Last week's warning to South Africa by the Trump administration about property rights and the rule of law could not have been more timely.
In his state-of-the-nation address the week before, Cyril Ramaphosa had sung the praises of "social compacts" or "social compacting" at least ten times. Such compacts, based on "collaboration and consensus", on "partnership and cooperation", were "the very essence of who we are". New compacts in the pipeline include one on electricity, and one "to end the crisis of violence perpetrated by men against women".
Yet Mr Ramaphosa also said that his government stood ready to amend section 25 of the Constitution and to table a bill to provide for expropriation without compensation.
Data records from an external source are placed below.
(* Let $U\subset\mathbb S^2$ be open, let $(F^{ij})$ be a symmetric $2$-tensor field in $C^1(U)$ satisfying $\lambda|\xi|^2\le F^{ij}\xi_i\xi_j\le\Lambda|\xi|^2$ on $U$ for constants $\Lambda\ge\lambda>0$, and let $u\in C^3(U)$ satisfy $F^{ij}(u_{ij}+u\delta_{ij})=0$ in $U$. Then there are constants $C_1,C_2$ depending only on the $C^1$-norm of $F^{ij}$ (and on $\lambda,\Lambda$) such that, for every unit vector $E\in\mathbb R^3$, $$F^{ij}(\rho_u)_{ij}\ge-C_1|\nabla\rho_u|,\qquad F^{ij}(\phi_E)_{ij}\ge-C_2|\nabla\phi_E|\quad\text{in }U.$$
   Context: For $u\in C^1(\mathbb S^2)$ and a local orthonormal frame $e_1,e_2$ on $\mathbb S^2$, define the vector field $X_u(x)=\sum_{i=1}^2u_i(x)e_i+u(x)\,x\in\mathbb R^3$ (here $x$ is the position vector, i.e. the unit normal of $\mathbb S^2$ at $x$). For a unit vector $E\in\mathbb R^3$ set $\phi_E(x)=\langle E,X_u(x)\rangle$ and $\rho_u(x)=|X_u(x)|^2$, with $\langle\cdot,\cdot\rangle$ the Euclidean inner product. Subscripts denote covariant derivatives on $\mathbb S^2$. *)

theory Defs
  imports "HOL-Analysis.Analysis"
begin

text \<open>Functions on the unit sphere S^2 are represented as functions real^3 => real whose
values matter only on the sphere. They are extended 0-homogeneously to the punctured space;
ambient derivatives of this extension, taken at points of the sphere, give the tangential
gradient and (on tangent vectors) the covariant Hessian of the sphere.\<close>

definition sph_ext :: "(real^3 \<Rightarrow> real) \<Rightarrow> real^3 \<Rightarrow> real" where
  "sph_ext f y = f ((1 / norm y) *\<^sub>R y)"

definition pderiv3 :: "(real^3 \<Rightarrow> real) \<Rightarrow> 3 \<Rightarrow> real^3 \<Rightarrow> real" where
  "pderiv3 f i y = frechet_derivative f (at y) (axis i 1)"

definition grad3 :: "(real^3 \<Rightarrow> real) \<Rightarrow> real^3 \<Rightarrow> real^3" where
  "grad3 f y = (\<chi> i. pderiv3 f i y)"

definition hess3 :: "(real^3 \<Rightarrow> real) \<Rightarrow> real^3 \<Rightarrow> real^3^3" where
  "hess3 f y = (\<chi> i j. pderiv3 (pderiv3 f j) i y)"

definition sgrad :: "(real^3 \<Rightarrow> real) \<Rightarrow> real^3 \<Rightarrow> real^3" where
  "sgrad f x = grad3 (sph_ext f) x"

definition shess :: "(real^3 \<Rightarrow> real) \<Rightarrow> real^3 \<Rightarrow> real^3^3" where
  "shess f x = hess3 (sph_ext f) x"

fun Ck_on :: "nat \<Rightarrow> (real^3 \<Rightarrow> real) \<Rightarrow> (real^3) set \<Rightarrow> bool" where
  "Ck_on 0 f S = continuous_on S f"
| "Ck_on (Suc k) f S = (f differentiable_on S \<and> (\<forall>i. Ck_on k (pderiv3 f i) S))"

definition cone3 :: "(real^3) set \<Rightarrow> (real^3) set" where
  "cone3 U = {y. y \<noteq> 0 \<and> (1 / norm y) *\<^sub>R y \<in> U}"

definition sph_Ck :: "nat \<Rightarrow> (real^3 \<Rightarrow> real) \<Rightarrow> (real^3) set \<Rightarrow> bool" where
  "sph_Ck k f U = Ck_on k (sph_ext f) (cone3 U)"

definition Xu :: "(real^3 \<Rightarrow> real) \<Rightarrow> real^3 \<Rightarrow> real^3" where
  "Xu u x = sgrad u x + u x *\<^sub>R x"

definition rho_u :: "(real^3 \<Rightarrow> real) \<Rightarrow> real^3 \<Rightarrow> real" where
  "rho_u u x = (norm (Xu u x))\<^sup>2"

definition phi_E :: "real^3 \<Rightarrow> (real^3 \<Rightarrow> real) \<Rightarrow> real^3 \<Rightarrow> real" where
  "phi_E E u x = E \<bullet> Xu u x"

text \<open>F^{ij} f_{ij} for a tangential symmetric 2-tensor A (A x x = 0), as a trace.\<close>
definition Fop :: "(real^3 \<Rightarrow> real^3^3) \<Rightarrow> (real^3 \<Rightarrow> real) \<Rightarrow> real^3 \<Rightarrow> real" where
  "Fop A f x = trace (A x ** shess f x)"

end

theory Submission
  imports Defs
begin

text \<open>
  Let v(y) = |y| u(y/|y|) be the 1-homogeneous extension of u. Its gradient is X_u, extended
  0-homogeneously, so at x in U the Hessian H = D^2 v(x) is symmetric with H x = 0, the
  spherical gradients are grad phi_E = H E and grad rho_u = 2 H X_u, and the equation reads
  tr (A H) = 0. By homogeneity this identity holds on the whole cone over U, so it may be
  differentiated; together with the symmetry of the third derivatives of v this gives
    F^ij (phi_E)_ij = - sum_ik (E . grad A_ik) H_ki,
    F^ij (rho_u)_ij = - 2 sum_ik (X_u . grad A_ik) H_ki + 2 sum_m (H e_m) . A (H e_m),
  and the last sum is nonnegative by ellipticity. The gradients of the 0-homogeneous A_ik are
  tangent, so it remains to bound every entry of H by C |H e| for a unit tangent vector e.
  In the tangent frame (e, x \<times> e) the restriction of H is [[p, q], [q, r]] with |p|, |q| \<le> |H e|,
  and tr (A H) = 0 together with ellipticity yields lam |r| \<le> Lam (|p| + |q|).
\<close>

section \<open>Partial derivatives\<close>

lemma pderiv3_eq: "(f has_derivative f') (at y) \<Longrightarrow> pderiv3 f i y = f' (axis i 1)"
  unfolding pderiv3_def by (metis frechet_derivative_at)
He thus again made it clear that the African National Congress (ANC) intends to undermine South Africa's founding "social compact" – its Constitution.
The proposed constitutional amendment will not only demolish the property rights enshrined in the Bill of Rights. If the ANC has its way, it may also erode the rule of law by transferring decisions over compensation from the courts to the executive branch of government. The very first section of the Constitution states that the supremacy of the "rule of law" is one of its "founding provisions".
The entrenchment of property rights in the 1996 Constitution came at the end of a long process of hard bargaining which began during the negotiations that led up to the election of 1994 and the transfer of power to the ANC. In seeking now to nullify these rights, the president and his party are signalling that adherence to social compacts is not "the very essence of who we are" but "the very essence of who we aren't".
Among the early indications that the ANC does not consider itself bound by compacts was its violations of the various peace accords it signed in the early 1990s even as it was intensifying the "people's war" that helped bring it to power. Once it was in power, it swiftly gave yet another indication that it does not consider itself so bound when it failed to honour the agreement over international mediation that brought the Inkatha Freedom Party into the 1994 election. The South African Institute of Race Relations (IRR) warned at the time that this was an "ominous" development. Nor did the ANC's breach of these various undertakings redound to the credit of Nelson Mandela.